Security in the LSID Resolution Network is handled at the protocol level. For HTTP services, HTTP Basic Authentication is used. For SOAP services, authentication for the underlying transport protocol is used (HTTP, in current implementations). The LSID Client Stack and Server Framework handle these two cases.



Back to top


LSID Resolution Service Implementations

The following examples of LSID Resolution Services show how the LSID Server Framework can be used.

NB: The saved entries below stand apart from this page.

(* Let $a, b, n$ be positive integers with $b>1$, $n>1$ and $\gcd(r_b(n),a)=1$. Then the Frobenius number of $S_a(b,n)$ is \[\operatorname{F}(S_a(b,n)) = \begin{cases} (n-1)\,(b^n - 1 - a) + a\, r_b(n) & \text{if } a < b^n - 1,\\ b^n - 1 - a + a\, r_b(n) & \text{if } a > b^n - 1.\end{cases}\]
   Context: For $\ell \ge 1$, $r_b(\ell) = \sum_{j=0}^{\ell-1} b^j$, and $r_b(0)=0$. For $i \ge 1$, $a_i := r_b(n) + a\, r_b(i-1)$; $S_a(b,n)$ is the numerical semigroup generated by $\{a_i : i\ge 1\}$. The Frobenius number $\operatorname{F}(S)$ of a numerical semigroup $S$ is the largest integer not in $S$. *)

theory Defs
  imports Main
begin

definition rb :: "nat \<Rightarrow> nat \<Rightarrow> nat" where
  "rb b l = (\<Sum>j<l. b ^ j)"

definition gen_a :: "nat \<Rightarrow> nat \<Rightarrow> nat \<Rightarrow> nat \<Rightarrow> nat" where
  "gen_a a b n i = rb b n + a * rb b (i - 1)"

inductive_set monoid_gen :: "nat set \<Rightarrow> nat set" for A :: "nat set" where
  zero: "0 \<in> monoid_gen A"
| add: "x \<in> monoid_gen A \<Longrightarrow> y \<in> A \<Longrightarrow> x + y \<in> monoid_gen A"

definition S_a :: "nat \<Rightarrow> nat \<Rightarrow> nat \<Rightarrow> nat set" where
  "S_a a b n = monoid_gen {gen_a a b n i | i. i \<ge> 1}"

definition frobenius :: "nat set \<Rightarrow> int" where
  "frobenius S = (GREATEST z::int. z \<notin> int ` S)"

end

theory Submission
  imports Defs
begin

text \<open>A sum of k generators a_i_1 + ... + a_i_k equals k r_b(n) + a N with
  N = r_b(i_1 - 1) + ... + r_b(i_k - 1). Since (b - 1) r_b(e) + 1 = b^e, the pair (k, N) arises this way
  iff (b - 1) N + k is a sum of exactly k powers of b, i.e. iff its base-b digit sum is at most k.
  Because r_b(n) and a are coprime, the representations x = k r_b(n) + a N of a fixed x form a single
  chain (k - a j, N + j r_b(n)). The claimed Frobenius number is excluded from the semigroup by bounding
  the digit sums along its whole chain from below, and every larger number is put into it through its
  representation with N < r_b(n).\<close>

section \<open>Digit sums\<close>

text \<open>The guard \<open>b < 2\<close> only serves termination; all lemmas assume \<open>b \<ge> 2\<close>.\<close>

function digit_sum :: "nat \<Rightarrow> nat \<Rightarrow> nat" where
  "digit_sum b y = (if b < 2 \<or> y = 0 then 0 else y mod b + digit_sum b (y div b))"
  by auto
termination by (relation "measure snd") auto

declare digit_sum.simps [simp del]

lemma digit_sum_0 [simp]: "digit_sum b 0 = 0"
  by (simp add: digit_sum.simps)

lemma digit_sum_mult_add:
  assumes "b \<ge> 2" "d < b"
  shows "digit_sum b (b * q + d) = d + digit_sum b q"
  using assms by (subst digit_sum.simps) auto

lemma digit_sum_eq:
  assumes "b \<ge> 2"
  shows "digit_sum b y = y mod b + digit_sum b (y div b)"
  using digit_sum_mult_add[OF assms, of "y mod b" "y div b"] assms by simp

lemma digit_sum_le:
  assumes "b \<ge> 2"
  shows "digit_sum b y \<le> y"
proof (induction y rule: less_induct)
  case (less y)
  show ?case
  proof (cases "y = 0")
    case False
    then have "digit_sum b (y div b) \<le> y div b"
      using less assms by simp
    moreover have "y div b \<le> b * (y div b)"
      using assms by simp
    ultimately show ?thesis
      using digit_sum_eq[OF assms, of y] mult_div_mod_eq[of b y] by linarith
  qed simp
qed

lemma digit_sum_mod:
  assumes "b \<ge> 2"
  shows "digit_sum b y mod (b - 1) = y mod (b - 1)"
proof (induction y rule: less_induct)
  case (less y)
  show ?case
  proof (cases "y = 0")
    case False
    have "y = (b - 1) * (y div b) + (y div b + y mod b)"
      using assms mult_div_mod_eq[of b y] by (simp add: diff_mult_distrib)
    then have "y mod (b - 1) = (y div b + y mod b) mod (b - 1)"
      by (metis mod_mult_self4)
    also have "\<dots> = (digit_sum b (y div b) + y mod b) mod (b - 1)"
      using less[of "y div b"] False assms by (intro mod_add_cong) simp_all
    finally show ?thesis
      using digit_sum_eq[OF assms, of y] by (simp add: add.commute)
  qed simp
qed

lemma digit_sum_Suc_le:
  assumes "b \<ge> 2"
  shows "digit_sum b (Suc z) \<le> Suc (digit_sum b z)"
proof (induction z rule: less_induct)
  case (less z)
  show ?case
  proof (cases "Suc (z mod b) < b")
    case True
    have split: "Suc z = b * (z div b) + Suc (z mod b)"
      by simp
    have "digit_sum b (Suc z) = Suc (z mod b) + digit_sum b (z div b)"
      unfolding split by (rule digit_sum_mult_add[OF assms True])
    then show ?thesis
      using digit_sum_eq[OF assms, of z] by simp
  next
    case False
    then have last_digit: "z mod b = b - 1"
      using mod_less_divisor[of b z] assms by linarith
    then have "z > 0"
      using assms by (cases "z = 0") auto
    have carry: "Suc z = b * Suc (z div b) + 0"
      using last_digit mult_div_mod_eq[of b z] assms by simp
    have "digit_sum b (Suc z) = digit_sum b (Suc (z div b))"
      unfolding carry using digit_sum_mult_add[OF assms, of 0 "Suc (z div b)"] assms by simp
    also have "\<dots> \<le> Suc (digit_sum b (z div b))"
      using less \<open>z > 0\<close> assms by simp
    finally show ?thesis
      using digit_sum_eq[OF assms, of z] by simp
  qed
qed

lemma digit_sum_add_le:
  assumes "b \<ge> 2"
  shows "digit_sum b (y + z) \<le> digit_sum b y + digit_sum b z"
proof (induction y arbitrary: z rule: less_induct)
  case (less y)
  show ?case
  proof (cases "y = 0")
    case False
    define q1 d1 q2 d2 where "q1 = y div b" "d1 = y mod b" "q2 = z div b" "d2 = z mod b"
    have "q1 < y" and digits: "d1 < b" "d2 < b"
      using False assms by (auto simp: q1_d1_q2_d2_def)
    have yz: "y = b * q1 + d1" "z = b * q2 + d2"
      by (simp_all add: q1_d1_q2_d2_def)
    have ds_yz: "digit_sum b y = d1 + digit_sum b q1" "digit_sum b z = d2 + digit_sum b q2"
      using yz digit_sum_mult_add[OF assms] digits by auto
    show ?thesis
    proof (cases "d1 + d2 < b")
      case True
      have "y + z = b * (q1 + q2) + (d1 + d2)"
        using yz by (simp add: algebra_simps)
      then show ?thesis
        using digit_sum_mult_add[OF assms True] less[OF \<open>q1 < y\<close>, of q2] ds_yz by simp
    next
      case False
      have split: "y + z = b * (q1 + Suc q2) + (d1 + d2 - b)"
        using yz False by (simp add: algebra_simps)
      have "digit_sum b (y + z) = d1 + d2 - b + digit_sum b (q1 + Suc q2)"
        unfolding split by (rule digit_sum_mult_add[OF assms]) (use digits in linarith)
      moreover have "digit_sum b (q1 + Suc q2) \<le> digit_sum b q1 + digit_sum b (Suc q2)"
        using less[OF \<open>q1 < y\<close>] .
      moreover have "digit_sum b (Suc q2) \<le> Suc (digit_sum b q2)"
        using digit_sum_Suc_le[OF assms] .
      ultimately show ?thesis
        using ds_yz False digits by linarith
    qed
  qed simp
qed

lemma digit_sum_power:
  assumes "b \<ge> 2"
  shows "digit_sum b (b ^ e) = 1"
proof (induction e)
  case 0
  then show ?case
    using digit_sum_mult_add[OF assms, of 1 0] assms by simp
next
  case (Suc e)
  then show ?case
    using digit_sum_mult_add[OF assms, of 0 "b ^ e"] assms by simp
qed

lemma digit_sum_mult_power_add:
  assumes "b \<ge> 2" "w < b ^ n"
  shows "digit_sum b (q * b ^ n + w) = digit_sum b q + digit_sum b w"
  using assms(2)
proof (induction n arbitrary: w)
  case (Suc n)
  have "w div b < b ^ n"
    using Suc.prems by (simp add: less_mult_imp_div_less mult.commute)
  moreover have "q * b ^ Suc n + w = b * (q * b ^ n + w div b) + w mod b"
    by (simp add: algebra_simps)
  ultimately show ?case
    using digit_sum_mult_add[OF assms(1)] digit_sum_eq[OF assms(1), of w] Suc.IH assms(1)
    by simp
qed simp

lemma digit_sum_complement:
  assumes "b \<ge> 2" "z < b ^ n"
  shows "digit_sum b (b ^ n - 1 - z) + digit_sum b z = n * (b - 1)"
  using assms(2)
proof (induction n arbitrary: z)
  case (Suc n)
  have high: "z div b < b ^ n"
    using Suc.prems by (simp add: less_mult_imp_div_less mult.commute)
  have low: "z mod b < b"
    using assms(1) by simp
  have "b ^ Suc n - 1 - z = b * (b ^ n - 1 - z div b) + (b - 1 - z mod b)"
  proof -
    have "b * (z div b) + b \<le> b * b ^ n"
      using high mult_le_mono2[of "Suc (z div b)" "b ^ n" b] by simp
    then show ?thesis
      using mult_div_mod_eq[of b z] low by (simp add: algebra_simps diff_mult_distrib2)
  qed
  then have "digit_sum b (b ^ Suc n - 1 - z) = (b - 1 - z mod b) + digit_sum b (b ^ n - 1 - z div b)"
    using digit_sum_mult_add[OF assms(1)] assms(1) by simp
  then show ?case
    using Suc.IH[OF high] digit_sum_eq[OF assms(1), of z] low by simp
qed simp

lemma digit_sum_le_of_less_power:
  assumes "b \<ge> 2" "y < b ^ n"
  shows "digit_sum b y \<le> n * (b - 1)"
  using digit_sum_complement[OF assms] by linarith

The Caching Proxy Resolution Service

The Caching Proxy Resolution Service -- the LSID analogue of an HTTP proxy -- is a server that sits on the edge of a network (lab, department, organization, etc.), and proxies all LSID traffic. Furthermore, the proxy can cache all of its requests so that scientists using the same LSID working set will experience rapid respond time to requests. The Caching Proxy Resolution Service also serves as a method to monitor LSID traffic in an organization. Figure 2 shows the Caching Proxy Resolution Service.

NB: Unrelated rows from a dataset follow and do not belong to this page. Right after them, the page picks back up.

lemma welfare_eq_sum_owner_values:
  assumes Y: "is_allocation n m Y"
    and owner: "\<And>g. g < m \<Longrightarrow> owner g < n \<and> g \<in> Y (owner g)"
  shows "welfare n val Y = (\<Sum>g<m. val (owner g) g)"
proof -
  have "agent_util val i (Y i) = (\<Sum>g<m. if g \<in> Y i then val i g else 0)" if "i < n" for i
  proof -
    have "Y i = {..<m} \<inter> Y i" using Y that unfolding is_allocation_def by blast
    then show ?thesis unfolding agent_util_def by (metis sum.inter_restrict finite_lessThan)
  qed
  then have "welfare n val Y = (\<Sum>i<n. \<Sum>g<m. if g \<in> Y i then val i g else 0)"
    unfolding welfare_def by simp
  also have "\<dots> = (\<Sum>g<m. \<Sum>i<n. if g \<in> Y i then val i g else 0)"
    by (rule sum.swap)
  also have "\<dots> = (\<Sum>g<m. \<Sum>i<n. if i = owner g then val i g else 0)"
    using allocation_owner_unique[OF Y] owner by (intro sum.cong refl) auto
  also have "\<dots> = (\<Sum>g<m. val (owner g) g)"
    using owner by simp
  finally show ?thesis .
qed

lemma welfare_le_sum_values:
  fixes v :: "nat \<Rightarrow> real"
  assumes Y: "is_allocation n m Y"
    and restricted: "\<forall>i<n. \<forall>g<m. val i g = 0 \<or> val i g = v g"
    and v_nonneg: "\<forall>g<m. v g \<ge> 0"
  shows "welfare n val Y \<le> (\<Sum>g<m. v g)"
proof -
  obtain owner where owner: "\<And>g. g < m \<Longrightarrow> owner g < n \<and> g \<in> Y (owner g)"
    using allocation_has_owner[OF Y] by blast
  have "(\<Sum>g<m. val (owner g) g) \<le> (\<Sum>g<m. v g)"
    using owner restricted v_nonneg by (intro sum_mono) force
  then show ?thesis
    using welfare_eq_sum_owner_values[OF Y owner] by simp
qed

lemma welfare_eq_sum_values_if_valued:
  fixes v :: "nat \<Rightarrow> real"
  assumes X: "is_allocation n m X"
    and restricted: "\<forall>i<n. \<forall>g<m. val i g = 0 \<or> val i g = v g"
    and valued: "\<forall>i<n. \<forall>g\<in>X i. val i g > 0"
  shows "welfare n val X = (\<Sum>g<m. v g)"
proof -
  obtain owner where owner: "\<And>g. g < m \<Longrightarrow> owner g < n \<and> g \<in> X (owner g)"
    using allocation_has_owner[OF X] by blast
  have "(\<Sum>g<m. val (owner g) g) = (\<Sum>g<m. v g)"
    using owner restricted valued by (intro sum.cong refl) force
  then show ?thesis
    using welfare_eq_sum_owner_values[OF X owner] by simp
qed

lemma pareto_optimal_if_valued:
  fixes v :: "nat \<Rightarrow> real"
  assumes X: "is_allocation n m X"
    and valued: "\<forall>i<n. \<forall>g\<in>X i. val i g > 0"
    and restricted: "\<forall>i<n. \<forall>g<m. val i g = 0 \<or> val i g = v g"
    and v_nonneg: "\<forall>g<m. v g \<ge> 0"
  shows "pareto_optimal n m val X"
  using X welfare_le_sum_values[OF _ restricted v_nonneg]
    welfare_eq_sum_values_if_valued[OF X restricted valued]
  by (intro pareto_optimal_if_welfare_maximal) auto

lemma induced_allocation_valued:
  assumes "M \<subseteq> graph_edges n m val" "g \<in> induced_allocation m M i"
  shows "val i g > 0"
  using assms unfolding induced_allocation_def graph_edges_def by auto

lemma real_items_within_left_vertices:
  fixes n m :: nat
  assumes "\<forall>g<m. \<exists>i<n. val i g > (0::real)"
  shows "m \<le> m * n"
proof (cases "n = 0")
  case True
  with assms have "m = 0" by (metis less_nat_zero_code neq0_conv)
  then show ?thesis by simp
qed simp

Figure 2. The Caching Proxy Resolution Service architecture
Caching Proxy Resolution Service architecture

The Caching Proxy Resolution Service uses the client stack to proxy requests to other services. The caching functionality of the client enables the proxy to respond quickly to requests it has cached. The caching proxy can process any LSID that is resolvable via DNS, so its list of known URIs is technically the global space of LSIDs. However, to pare this down, we return only LSIDs for which we have WSDL cached when getKnownURIs is invoked.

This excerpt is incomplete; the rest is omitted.